**PROBLEM DETAILS**. From the following material, say how many lines have "step" in them; write only the number.

**DATA IN THIS EXERCISE**.
- - - - - - -

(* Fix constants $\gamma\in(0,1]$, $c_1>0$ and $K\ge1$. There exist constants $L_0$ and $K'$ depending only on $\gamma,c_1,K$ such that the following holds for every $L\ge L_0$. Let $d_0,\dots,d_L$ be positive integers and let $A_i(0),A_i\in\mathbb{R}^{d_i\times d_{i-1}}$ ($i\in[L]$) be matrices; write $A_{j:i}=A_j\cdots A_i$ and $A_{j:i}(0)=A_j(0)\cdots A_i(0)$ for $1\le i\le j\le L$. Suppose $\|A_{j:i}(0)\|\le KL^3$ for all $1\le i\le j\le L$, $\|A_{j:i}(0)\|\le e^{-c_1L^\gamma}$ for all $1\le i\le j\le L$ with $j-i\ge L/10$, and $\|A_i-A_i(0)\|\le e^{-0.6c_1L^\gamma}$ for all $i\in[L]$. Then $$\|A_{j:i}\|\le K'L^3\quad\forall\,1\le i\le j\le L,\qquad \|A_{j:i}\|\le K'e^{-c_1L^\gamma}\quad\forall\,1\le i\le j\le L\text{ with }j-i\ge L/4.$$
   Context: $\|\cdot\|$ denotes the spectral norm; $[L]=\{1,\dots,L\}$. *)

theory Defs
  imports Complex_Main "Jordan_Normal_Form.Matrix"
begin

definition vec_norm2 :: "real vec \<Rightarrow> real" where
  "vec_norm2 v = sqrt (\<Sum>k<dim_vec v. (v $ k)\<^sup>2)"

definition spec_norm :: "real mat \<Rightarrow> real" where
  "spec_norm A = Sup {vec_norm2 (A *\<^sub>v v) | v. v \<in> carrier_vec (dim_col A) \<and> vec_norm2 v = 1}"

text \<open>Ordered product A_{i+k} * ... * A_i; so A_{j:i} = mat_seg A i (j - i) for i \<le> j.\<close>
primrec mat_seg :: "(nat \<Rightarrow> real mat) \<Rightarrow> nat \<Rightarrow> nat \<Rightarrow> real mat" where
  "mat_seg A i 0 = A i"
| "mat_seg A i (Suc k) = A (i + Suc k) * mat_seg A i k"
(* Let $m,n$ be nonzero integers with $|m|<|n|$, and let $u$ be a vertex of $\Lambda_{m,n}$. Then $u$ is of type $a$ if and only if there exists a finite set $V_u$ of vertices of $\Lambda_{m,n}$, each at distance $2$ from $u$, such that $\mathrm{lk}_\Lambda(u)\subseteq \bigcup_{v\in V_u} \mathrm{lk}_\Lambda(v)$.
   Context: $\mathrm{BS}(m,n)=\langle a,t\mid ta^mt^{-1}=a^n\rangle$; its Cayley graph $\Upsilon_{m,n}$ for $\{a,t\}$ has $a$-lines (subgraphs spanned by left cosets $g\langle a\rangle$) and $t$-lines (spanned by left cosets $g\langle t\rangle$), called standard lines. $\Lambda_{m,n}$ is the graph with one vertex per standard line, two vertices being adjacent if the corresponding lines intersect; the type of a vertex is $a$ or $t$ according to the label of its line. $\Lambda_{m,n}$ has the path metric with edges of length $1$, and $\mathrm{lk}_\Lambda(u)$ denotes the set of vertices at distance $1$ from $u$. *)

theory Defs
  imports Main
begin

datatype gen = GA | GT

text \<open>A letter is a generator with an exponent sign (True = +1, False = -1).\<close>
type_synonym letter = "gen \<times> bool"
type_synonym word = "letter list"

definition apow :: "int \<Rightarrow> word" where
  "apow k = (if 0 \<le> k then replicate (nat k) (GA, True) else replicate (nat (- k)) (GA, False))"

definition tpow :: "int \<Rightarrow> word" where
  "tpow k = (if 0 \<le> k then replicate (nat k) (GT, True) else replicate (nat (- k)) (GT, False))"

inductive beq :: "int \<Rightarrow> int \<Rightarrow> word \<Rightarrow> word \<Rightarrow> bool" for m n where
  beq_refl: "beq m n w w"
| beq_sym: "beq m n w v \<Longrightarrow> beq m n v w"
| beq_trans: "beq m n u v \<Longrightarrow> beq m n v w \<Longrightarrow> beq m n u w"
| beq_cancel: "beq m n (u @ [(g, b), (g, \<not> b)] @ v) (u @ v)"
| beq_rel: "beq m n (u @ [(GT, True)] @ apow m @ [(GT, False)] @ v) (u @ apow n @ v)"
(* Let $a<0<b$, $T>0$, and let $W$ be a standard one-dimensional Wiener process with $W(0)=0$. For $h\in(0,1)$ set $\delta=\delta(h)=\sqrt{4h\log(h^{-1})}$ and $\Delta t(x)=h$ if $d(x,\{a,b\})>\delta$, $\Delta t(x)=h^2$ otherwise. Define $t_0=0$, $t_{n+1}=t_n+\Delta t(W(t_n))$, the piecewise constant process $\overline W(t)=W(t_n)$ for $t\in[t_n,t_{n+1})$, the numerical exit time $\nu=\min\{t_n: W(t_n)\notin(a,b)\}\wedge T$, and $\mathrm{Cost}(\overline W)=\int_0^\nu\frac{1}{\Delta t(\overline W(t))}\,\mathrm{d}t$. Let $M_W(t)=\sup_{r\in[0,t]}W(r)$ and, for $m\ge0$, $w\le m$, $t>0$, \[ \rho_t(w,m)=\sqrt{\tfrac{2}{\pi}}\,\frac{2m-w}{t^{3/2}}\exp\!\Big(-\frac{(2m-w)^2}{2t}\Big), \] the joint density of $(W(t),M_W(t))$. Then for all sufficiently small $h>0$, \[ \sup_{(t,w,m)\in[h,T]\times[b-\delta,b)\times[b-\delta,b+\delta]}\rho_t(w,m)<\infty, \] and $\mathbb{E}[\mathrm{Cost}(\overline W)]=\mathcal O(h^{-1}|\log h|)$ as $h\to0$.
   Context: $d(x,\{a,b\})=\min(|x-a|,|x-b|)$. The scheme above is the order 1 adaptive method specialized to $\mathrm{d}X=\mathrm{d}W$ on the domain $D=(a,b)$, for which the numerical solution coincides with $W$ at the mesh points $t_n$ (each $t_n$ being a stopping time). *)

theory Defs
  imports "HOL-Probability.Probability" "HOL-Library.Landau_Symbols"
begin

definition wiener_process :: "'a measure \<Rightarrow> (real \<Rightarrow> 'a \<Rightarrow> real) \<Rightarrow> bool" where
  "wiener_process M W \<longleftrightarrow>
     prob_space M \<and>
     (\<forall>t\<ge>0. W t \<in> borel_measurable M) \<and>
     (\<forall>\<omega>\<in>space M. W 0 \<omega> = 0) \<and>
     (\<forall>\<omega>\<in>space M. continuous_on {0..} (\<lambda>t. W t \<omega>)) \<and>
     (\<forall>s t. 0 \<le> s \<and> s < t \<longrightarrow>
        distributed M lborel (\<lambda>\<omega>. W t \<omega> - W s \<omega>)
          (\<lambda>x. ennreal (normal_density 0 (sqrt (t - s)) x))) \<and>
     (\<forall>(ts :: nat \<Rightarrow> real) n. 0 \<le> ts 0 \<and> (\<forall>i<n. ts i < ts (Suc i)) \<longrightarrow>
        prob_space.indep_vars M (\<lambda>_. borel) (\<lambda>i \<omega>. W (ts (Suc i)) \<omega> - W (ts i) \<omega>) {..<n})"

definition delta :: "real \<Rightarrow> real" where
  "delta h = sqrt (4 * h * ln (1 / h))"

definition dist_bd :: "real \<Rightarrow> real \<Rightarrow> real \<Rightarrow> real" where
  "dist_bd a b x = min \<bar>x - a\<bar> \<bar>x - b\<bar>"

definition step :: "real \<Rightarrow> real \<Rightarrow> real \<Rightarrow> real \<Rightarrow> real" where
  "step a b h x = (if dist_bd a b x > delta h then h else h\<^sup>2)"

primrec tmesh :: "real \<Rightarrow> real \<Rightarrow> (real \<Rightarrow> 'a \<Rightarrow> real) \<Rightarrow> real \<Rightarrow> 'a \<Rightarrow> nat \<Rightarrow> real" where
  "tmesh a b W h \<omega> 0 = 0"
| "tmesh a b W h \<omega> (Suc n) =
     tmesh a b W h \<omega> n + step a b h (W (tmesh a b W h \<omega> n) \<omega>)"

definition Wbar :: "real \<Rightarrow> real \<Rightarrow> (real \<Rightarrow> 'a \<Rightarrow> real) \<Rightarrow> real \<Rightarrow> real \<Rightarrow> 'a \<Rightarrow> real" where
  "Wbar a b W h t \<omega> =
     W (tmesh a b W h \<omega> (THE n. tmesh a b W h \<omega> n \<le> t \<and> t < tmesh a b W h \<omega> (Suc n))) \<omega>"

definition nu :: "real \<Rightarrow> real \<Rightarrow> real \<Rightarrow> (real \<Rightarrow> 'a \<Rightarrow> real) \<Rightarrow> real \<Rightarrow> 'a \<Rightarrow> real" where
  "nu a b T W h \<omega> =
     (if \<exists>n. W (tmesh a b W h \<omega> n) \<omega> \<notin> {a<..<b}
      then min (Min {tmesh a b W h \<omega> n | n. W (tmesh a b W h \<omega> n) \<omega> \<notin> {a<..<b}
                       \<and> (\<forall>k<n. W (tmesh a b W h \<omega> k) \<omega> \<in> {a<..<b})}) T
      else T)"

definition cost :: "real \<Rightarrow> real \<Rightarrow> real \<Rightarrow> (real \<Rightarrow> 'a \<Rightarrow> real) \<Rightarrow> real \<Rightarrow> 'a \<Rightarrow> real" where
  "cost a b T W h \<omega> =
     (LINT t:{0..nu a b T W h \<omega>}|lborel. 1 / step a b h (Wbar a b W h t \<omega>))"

- - - - - - -

**REPLY TO THE TASK**. 4